According to the City of Portland, "In all categories, the Eastside is more racially diverse than the Westside. Hispanics are most concentrated in North Portland at nearly 15% of the population. NE Portland has the highest concentration of African Americans at 30%. The concentration of Asians in Portland are mostly within NE, SE, and outer East Portland, with a percent population of 11%, 10%, and 9% respectively. Whites are the most common race group citywide."

In 2016, Alana Semuels of The Atlantic wrote, "As black people moved into Albina, whites moved out; by the end of the 1950s, there were 23,000 fewer white residents and 7,000 more black residents than there had been at the beginning of the decade." She also said "by 1999, blacks owned 36 percent fewer homes than they had a decade earlier, while whites owned 43 percent more." In 2021, the Southeast Examiners Don MacGillivray said "Portland is known for its lack of racial diversity and its lack of African Americans", with a Black population at six percent and Latinos at 10 percent of the city's population.
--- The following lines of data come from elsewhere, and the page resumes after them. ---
(* Let $\langle \mathscr{A} \mid \mathscr{R} \rangle$ be a $C(2)$ monoid presentation and let $u$ be a relation word. Then for any $v \in \mathscr{A}^*$ we have $u \equiv_\mathscr{R} v$ if and only if there exist $n \geq 1$ and words $u = u_1, u_2, \dots, u_n = v$ such that for each $1 \leq i < n$ either $(u_i, u_{i+1}) \in \mathscr{R}$ or $(u_{i+1}, u_i) \in \mathscr{R}$.
   Context: A monoid presentation $\langle \mathscr{A} \mid \mathscr{R} \rangle$ consists of an alphabet $\mathscr{A}$ and a set $\mathscr{R} \subseteq \mathscr{A}^* \times \mathscr{A}^*$ of relations; $\equiv_\mathscr{R}$ denotes the smallest congruence on the free monoid $\mathscr{A}^*$ containing $\mathscr{R}$, and the monoid presented is $\mathscr{A}^*/\equiv_\mathscr{R}$. A relation word is a word occurring as one side of a relation in $\mathscr{R}$. A piece is a word which occurs as a factor of two distinct relation words, or in two different (possibly overlapping) positions within one relation word; by convention the empty word is always a piece. For a positive integer $n$, the presentation is $C(n)$ if no relation word can be written as a product of strictly fewer than $n$ pieces. *)

theory Defs
  imports Main
begin

definition is_congruence :: "('a list \<times> 'a list) set \<Rightarrow> bool" where
  "is_congruence c \<longleftrightarrow> equiv UNIV c \<and>
     (\<forall>x y p q. (x, y) \<in> c \<longrightarrow> (p @ x @ q, p @ y @ q) \<in> c)"

definition cong_gen :: "('a list \<times> 'a list) set \<Rightarrow> ('a list \<times> 'a list) set" where
  "cong_gen R = \<Inter> {c. is_congruence c \<and> R \<subseteq> c}"

definition rel_words :: "('a list \<times> 'a list) set \<Rightarrow> 'a list set" where
  "rel_words R = fst ` R \<union> snd ` R"

definition occurs_at :: "'a list \<Rightarrow> 'a list \<Rightarrow> nat \<Rightarrow> bool" where
  "occurs_at x w i \<longleftrightarrow> i + length x \<le> length w \<and> take (length x) (drop i w) = x"

definition piece :: "('a list \<times> 'a list) set \<Rightarrow> 'a list \<Rightarrow> bool" where
  "piece R x \<longleftrightarrow> x = [] \<or>
     (\<exists>w1 w2 i j. w1 \<in> rel_words R \<and> w2 \<in> rel_words R \<and>
        occurs_at x w1 i \<and> occurs_at x w2 j \<and> (w1 \<noteq> w2 \<or> i \<noteq> j))"

definition C_cond :: "nat \<Rightarrow> ('a list \<times> 'a list) set \<Rightarrow> bool" where
  "C_cond n R \<longleftrightarrow> (\<forall>w \<in> rel_words R. \<forall>ps.
     (\<forall>p \<in> set ps. piece R p) \<and> concat ps = w \<longrightarrow> n \<le> length ps)"

end

theory Submission
  imports Defs
begin

text \<open>The congruence generated by \<open>R\<close> is the reflexive-transitive closure of the one-step rewrites
  \<open>p x q \<rightarrow> p y q\<close> with \<open>(x, y) \<in> R \<union> R\<inverse>\<close>. If the word being rewritten is itself a
  relation word, the relation word \<open>x\<close> occurring in it cannot be a proper factor: otherwise
  it would occur at two different places in relation words, hence be a piece, and a single
  piece would be a factorisation of \<open>x\<close> of length 1, contradicting C(2). So \<open>p\<close> and \<open>q\<close>
  are empty, the rewrite is an application of a relation, and its result is again a relation
  word. Induction along a rewriting sequence starting at a relation word gives the claim.\<close>

definition rewrite_step :: "('a list \<times> 'a list) set \<Rightarrow> ('a list \<times> 'a list) set" where
  "rewrite_step R = {(p @ x @ q, p @ y @ q) | p x y q. (x, y) \<in> R \<union> R\<inverse>}"

lemma rewrite_step_sym: "sym (rewrite_step R)"
  unfolding rewrite_step_def sym_def by blast

lemma symmetric_closure_subset_rewrite_step: "R \<union> R\<inverse> \<subseteq> rewrite_step R"
proof
  fix z assume "z \<in> R \<union> R\<inverse>"
  then obtain x y where "z = ([] @ x @ [], [] @ y @ [])" and "(x, y) \<in> R \<union> R\<inverse>"
    by (cases z) simp
  then show "z \<in> rewrite_step R"
    unfolding rewrite_step_def by blast
qed

lemma rewrite_step_context:
  assumes "(x, y) \<in> rewrite_step R"
  shows "(p @ x @ q, p @ y @ q) \<in> rewrite_step R"
proof -
  from assms obtain p' x' y' q' where "x = p' @ x' @ q'" "y = p' @ y' @ q'"
    and rel: "(x', y') \<in> R \<union> R\<inverse>"
    unfolding rewrite_step_def by blast
  then have "p @ x @ q = (p @ p') @ x' @ (q' @ q)" "p @ y @ q = (p @ p') @ y' @ (q' @ q)"
    by simp_all
  with rel show ?thesis
    unfolding rewrite_step_def by blast
qed

lemma rtrancl_rewrite_step_context:
  "(x, y) \<in> (rewrite_step R)\<^sup>* \<Longrightarrow> (p @ x @ q, p @ y @ q) \<in> (rewrite_step R)\<^sup>*"
  by (induction rule: rtrancl_induct)
    (auto intro: rtrancl_into_rtrancl rewrite_step_context)

lemma is_congruence_rtrancl_rewrite_step: "is_congruence ((rewrite_step R)\<^sup>*)"
  unfolding is_congruence_def equiv_def
  using refl_rtrancl sym_rtrancl[OF rewrite_step_sym] trans_rtrancl rtrancl_rewrite_step_context
  by auto

lemma rewrite_step_subset_congruence:
  assumes "is_congruence c" and "R \<subseteq> c"
  shows "rewrite_step R \<subseteq> c"
proof
  fix z assume "z \<in> rewrite_step R"
  then obtain p x y q where z: "z = (p @ x @ q, p @ y @ q)" and "(x, y) \<in> R \<union> R\<inverse>"
    unfolding rewrite_step_def by blast
  then have "(x, y) \<in> c"
    using assms unfolding is_congruence_def equiv_def sym_def by blast
  with assms(1) show "z \<in> c"
    unfolding z is_congruence_def by blast
qed

lemma rtrancl_equiv_eq:
  assumes "equiv UNIV c"
  shows "c\<^sup>* = c"
proof -
  from assms have "trans c" and "Id \<subseteq> c"
    unfolding equiv_def refl_on_def by auto
  then show ?thesis
    by (simp add: rtrancl_trancl_reflcl trancl_id Un_absorb2)
qed

lemma cong_gen_eq_rtrancl_rewrite_step: "cong_gen R = (rewrite_step R)\<^sup>*"
proof
  have "R \<subseteq> (rewrite_step R)\<^sup>*"
    using symmetric_closure_subset_rewrite_step by blast
  with is_congruence_rtrancl_rewrite_step show "cong_gen R \<subseteq> (rewrite_step R)\<^sup>*"
    unfolding cong_gen_def by (intro Inter_lower) simp
  show "(rewrite_step R)\<^sup>* \<subseteq> cong_gen R"
    unfolding cong_gen_def
  proof (rule Inter_greatest)
    fix c assume "c \<in> {c. is_congruence c \<and> R \<subseteq> c}"
    then have "is_congruence c" and "R \<subseteq> c" by simp_all
    then have "rewrite_step R \<subseteq> c" and "c\<^sup>* = c"
      using rewrite_step_subset_congruence rtrancl_equiv_eq
      unfolding is_congruence_def by blast+
    then show "(rewrite_step R)\<^sup>* \<subseteq> c"
      using rtrancl_mono by blast
  qed
qed

lemma C_cond_rel_word_not_piece:
  assumes "C_cond n R" and "2 \<le> n" and "w \<in> rel_words R"
  shows "\<not> piece R w"
proof
  assume "piece R w"
  then have "n \<le> length [w]"
    using assms(1,3) unfolding C_cond_def
    by (metis concat.simps append_Nil2 set_ConsD empty_iff list.set(1))
  with assms(2) show False by simp
qed

lemma piece_if_proper_factor_of_rel_word:
  assumes "x \<in> rel_words R" and "w \<in> rel_words R" and "w = p @ x @ q"
    and "p \<noteq> [] \<or> q \<noteq> []"
  shows "piece R x"
  unfolding piece_def
proof (rule disjI2, intro exI conjI)
  show "x \<in> rel_words R" by fact
  show "w \<in> rel_words R" by fact
  show "occurs_at x x 0"
    unfolding occurs_at_def by simp
  show "occurs_at x w (length p)"
    unfolding occurs_at_def assms(3) by simp
  show "x \<noteq> w \<or> 0 \<noteq> length p"
    using assms(3,4) by auto
qed

lemma C2_rel_word_factor_of_rel_word:
  assumes "C_cond 2 R" and "x \<in> rel_words R" and "w \<in> rel_words R" and "w = p @ x @ q"
  shows "p = [] \<and> q = []"
  using piece_if_proper_factor_of_rel_word[OF assms(2-4)]
    C_cond_rel_word_not_piece[OF assms(1) _ assms(2)]
  by blast

lemma rel_words_symmetric_closure: "(x, y) \<in> R \<union> R\<inverse> \<Longrightarrow> x \<in> rel_words R \<and> y \<in> rel_words R"
  unfolding rel_words_def by force

lemma C2_rewrite_step_of_rel_word:
  assumes "C_cond 2 R" and "w \<in> rel_words R" and "(w, w') \<in> rewrite_step R"
  shows "(w, w') \<in> R \<union> R\<inverse>"
proof -
  from assms(3) obtain p x y q where w: "w = p @ x @ q" "w' = p @ y @ q"
    and rel: "(x, y) \<in> R \<union> R\<inverse>"
    unfolding rewrite_step_def by blast
  have "p = [] \<and> q = []"
    using C2_rel_word_factor_of_rel_word[OF assms(1) _ assms(2) w(1)]
      rel_words_symmetric_closure[OF rel]
    by blast
  with w rel show ?thesis by simp
qed

lemma C2_rtrancl_rewrite_step_of_rel_word:
  assumes "C_cond 2 R" and "u \<in> rel_words R"
  shows "(u, v) \<in> (rewrite_step R)\<^sup>* \<longleftrightarrow> (u, v) \<in> (R \<union> R\<inverse>)\<^sup>*"
proof
  assume "(u, v) \<in> (rewrite_step R)\<^sup>*"
  then show "(u, v) \<in> (R \<union> R\<inverse>)\<^sup>*"
  proof (induction rule: rtrancl_induct)
    case (step w w')
    have "w \<in> rel_words R"
      using step.IH assms(2) by (cases rule: rtranclE) (force simp: rel_words_def)+
    then have "(w, w') \<in> R \<union> R\<inverse>"
      using assms(1) step.hyps(2) C2_rewrite_step_of_rel_word by blast
    with step.IH show ?case by (rule rtrancl_into_rtrancl)
  qed simp
next
  show "(u, v) \<in> (R \<union> R\<inverse>)\<^sup>* \<Longrightarrow> (u, v) \<in> (rewrite_step R)\<^sup>*"
    using rtrancl_mono[OF symmetric_closure_subset_rewrite_step] by blast
qed

lemma rtrancl_iff_chain:
  "(a, b) \<in> Q\<^sup>* \<longleftrightarrow> (\<exists>us. length us \<ge> 1 \<and> hd us = a \<and> last us = b \<and>
     (\<forall>i. Suc i < length us \<longrightarrow> (us ! i, us ! Suc i) \<in> Q))"
  (is "_ \<longleftrightarrow> (\<exists>us. ?chain a b us)")
proof
  assume "(a, b) \<in> Q\<^sup>*"
  then show "\<exists>us. ?chain a b us"
  proof (induction rule: rtrancl_induct)
    case base
    show ?case by (rule exI[of _ "[a]"]) simp
  next
    case (step b c)
    then obtain us where us: "?chain a b us" by blast
    then have "us \<noteq> []" by auto
    with us have "?chain a c (us @ [c])"
      using step.hyps(2)
      by (auto simp: nth_append last_conv_nth less_Suc_eq) (metis diff_Suc_1 One_nat_def)
    then show ?case by blast
  qed
next
  assume "\<exists>us. ?chain a b us"
  then obtain us where "?chain a b us" by blast
  then show "(a, b) \<in> Q\<^sup>*"
  proof (induction us arbitrary: a)
    case (Cons x us)
    show ?case
    proof (cases us)
      case (Cons y ys)
      have "(x, y) \<in> Q" and "?chain y b us"
        using Cons.prems \<open>us = y # ys\<close> by (auto simp del: nth_Cons_Suc)
      with Cons.IH show ?thesis
        using Cons.prems by (auto intro: converse_rtrancl_into_rtrancl)
    qed (use Cons.prems in auto)
  qed simp
qed

theorem proposition3:
  fixes R :: "('a list \<times> 'a list) set" and u v :: "'a list"
  assumes "C_cond 2 R" and "u \<in> rel_words R"
  shows "(u, v) \<in> cong_gen R \<longleftrightarrow>
    (\<exists>us. length us \<ge> 1 \<and> hd us = u \<and> last us = v \<and>
       (\<forall>i. Suc i < length us \<longrightarrow>
          (us ! i, us ! Suc i) \<in> R \<or> (us ! Suc i, us ! i) \<in> R))"
proof -
  have "(u, v) \<in> cong_gen R \<longleftrightarrow> (u, v) \<in> (R \<union> R\<inverse>)\<^sup>*"
    using C2_rtrancl_rewrite_step_of_rel_word[OF assms] cong_gen_eq_rtrancl_rewrite_step by blast
  then show ?thesis
    by (simp add: rtrancl_iff_chain)
qed

end
theorem theorem2:
  fixes G :: "nat \<Rightarrow> nat set set" and N :: "nat \<Rightarrow> nat"
  assumes graph: "\<And>n. simple_graph_on n (G n)"
    and Npos: "\<And>n. N n > 0"
    and tpos: "eventually (\<lambda>n. num_triangles n (G n) > 0) at_top"
    and pbound: "eventually (\<lambda>n. 1 / real (N n) \<ge>
        max (real (max_edge_tri n (G n)) * ln (real n) / real (num_triangles n (G n)))
            (ln (real n) / sqrt (real (num_triangles n (G n))))) at_top"
    and eps: "\<epsilon> > 0"
  shows "(\<lambda>n. measure_pmf.prob (coloring n (N n))
            {c. \<bar>real (mono_triangles n (G n) c)
                 - measure_pmf.expectation (coloring n (N n)) (\<lambda>c. real (mono_triangles n (G n) c))\<bar>
               \<ge> \<epsilon> * measure_pmf.expectation (coloring n (N n)) (\<lambda>c. real (mono_triangles n (G n) c))})
         \<longlonglongrightarrow> 0"
proof (rule tendsto_sandwich[where f = "\<lambda>_. 0"
      and h = "\<lambda>n. (1 / (ln (real n))\<^sup>2 + 3 / ln (real n)) / \<epsilon>\<^sup>2"], goal_cases)
  case 2
  show ?case
    using tpos pbound eventually_ge_at_top[of 3]
  proof eventually_elim
    case (elim n)
    have "ln (real n) > 0"
      using elim(3) by simp
    hence "1 / (real (num_triangles n (G n)) * (1 / real (N n))\<^sup>2)
             + 3 * real (max_edge_tri n (G n)) / (real (num_triangles n (G n)) * (1 / real (N n)))
           \<le> 1 / (ln (real n))\<^sup>2 + 3 / ln (real n)"
      using elim(1,2) Npos[of n] by (intro deviation_bound_le_of_rate) simp_all
    with prob_mono_triangles_deviation_le[OF graph Npos elim(1) eps] show ?case
      by (rule order.trans[OF _ divide_right_mono]) simp
  qed
next
  case 4
  show ?case
    by (intro tendsto_divide_zero) real_asymp
qed simp_all

end
lemma norm_one_minus_exp_2pi_i:
  "0 < x \<Longrightarrow> x < 1 \<Longrightarrow> norm (1 - exp_2pi_i (of_real x)) = 2 * sin (pi * x)"
  using norm_one_minus_cis_double[of "pi * x"] sin_pi_pos[of x]
  by (simp add: exp_2pi_i_of_real mult.assoc)

lemma exp_2pi_i_in_slit_plane: "0 < x \<Longrightarrow> x < 1 \<Longrightarrow> exp_2pi_i (of_real x) \<in> slit_plane"
  using norm_one_minus_exp_2pi_i[of x] sin_pi_pos[of x]
  by (intro closed_unit_disc_in_slit_plane) (auto simp: exp_2pi_i_of_real)

lemma Li_exp_2pi_i_of_real:
  assumes "0 < x" "x < 1"
  shows "Li2 (exp_2pi_i (of_real x)) = polylog_series 2 (cis (2 * pi * x))"
    and "Li3 (exp_2pi_i (of_real x)) = polylog_series 3 (cis (2 * pi * x))"
proof -
  have "cis (2 * pi * x) \<noteq> 1"
    using norm_one_minus_exp_2pi_i[OF assms] sin_pi_pos[OF assms] by (auto simp: exp_2pi_i_of_real)
  then show "Li2 (exp_2pi_i (of_real x)) = polylog_series 2 (cis (2 * pi * x))"
    and "Li3 (exp_2pi_i (of_real x)) = polylog_series 3 (cis (2 * pi * x))"
    by (simp_all add: exp_2pi_i_of_real Li2_eq_polylog_series Li3_eq_polylog_series)
qed

definition clausen_side :: "real \<Rightarrow> real" where
  "clausen_side x = x\<^sup>2 / 2 - zeta 3 / (2 * pi\<^sup>2) + Cl3 (2 * pi * x) / (2 * pi\<^sup>2)
     + x * Cl2 (2 * pi * x) / (2 * pi)"

definition clausen_side' :: "real \<Rightarrow> real" where
  "clausen_side' x = x - Cl2 (2 * pi * x) / (2 * pi) - x * ln (2 * sin (pi * x))"

lemma clausen_side_minus: "clausen_side (- x) = clausen_side x"
  by (simp add: clausen_side_def Cl2_minus Cl3_minus)

lemma continuous_on_clausen_side: "continuous_on UNIV clausen_side"
proof -
  have "continuous_on UNIV (\<lambda>x. Cl2 (2 * pi * x))" "continuous_on UNIV (\<lambda>x. Cl3 (2 * pi * x))"
    by (auto intro!: continuous_on_compose2[OF continuous_on_Cl2] continuous_on_compose2[OF continuous_on_Cl3]
        continuous_intros)
  then show ?thesis
    unfolding clausen_side_def[abs_def] by (intro continuous_intros) auto
qed

lemma clausen_side_0: "clausen_side 0 = 0"
  by (simp add: clausen_side_def Cl3_0)

lemma clausen_side'_tendsto_0: "(clausen_side' \<longlongrightarrow> 0) (at_right 0)"
proof -
  have "((\<lambda>x::real. x * ln (2 * sin (pi * x))) \<longlongrightarrow> 0) (at_right 0)"
    by real_asymp
  moreover have "((\<lambda>x. Cl2 (2 * pi * x)) \<longlongrightarrow> Cl2 (2 * pi * 0)) (at_right 0)"
    using continuous_on_Cl2 by (intro tendsto_intros isCont_tendsto_compose[of _ Cl2])
      (auto simp: continuous_on_eq_continuous_at)
  ultimately have "((\<lambda>x. x - Cl2 (2 * pi * x) / (2 * pi) - x * ln (2 * sin (pi * x))) \<longlongrightarrow>
      0 - Cl2 0 / (2 * pi) - 0) (at_right 0)"
    by (intro tendsto_intros) auto
  then show ?thesis
    by (simp add: clausen_side'_def[abs_def] Cl2_0)
qed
Racial composition as of the 2020 census
| Race | Number | Percent |
|---|---|---|
| White | 449,025 | 68.8% |
| Black or African American | 38,217 | 5.9% |
| American Indian and Alaska Native | 7,335 | 1.1% |
| Asian | 52,854 | 8.1% |
| Native Hawaiian and Other Pacific Islander | 3,919 | 0.6% |
| Some other race | 31,255 | 4.8% |
| Two or more races | 69,898 | 10.7% |
| Hispanic or Latino (of any race) | 72,336 | 11.1% |

==African Americans==

African Americans are concentrated in north and northeast Portland. The Albina neighborhood in northeast Portland was historically African American, and was home to over 80% of the Black population of the city in the 1960s. In the following decades, many of these residents were forced to move out of Albina and many Black-owned businesses were destroyed by urban renewal projects and eminent domain.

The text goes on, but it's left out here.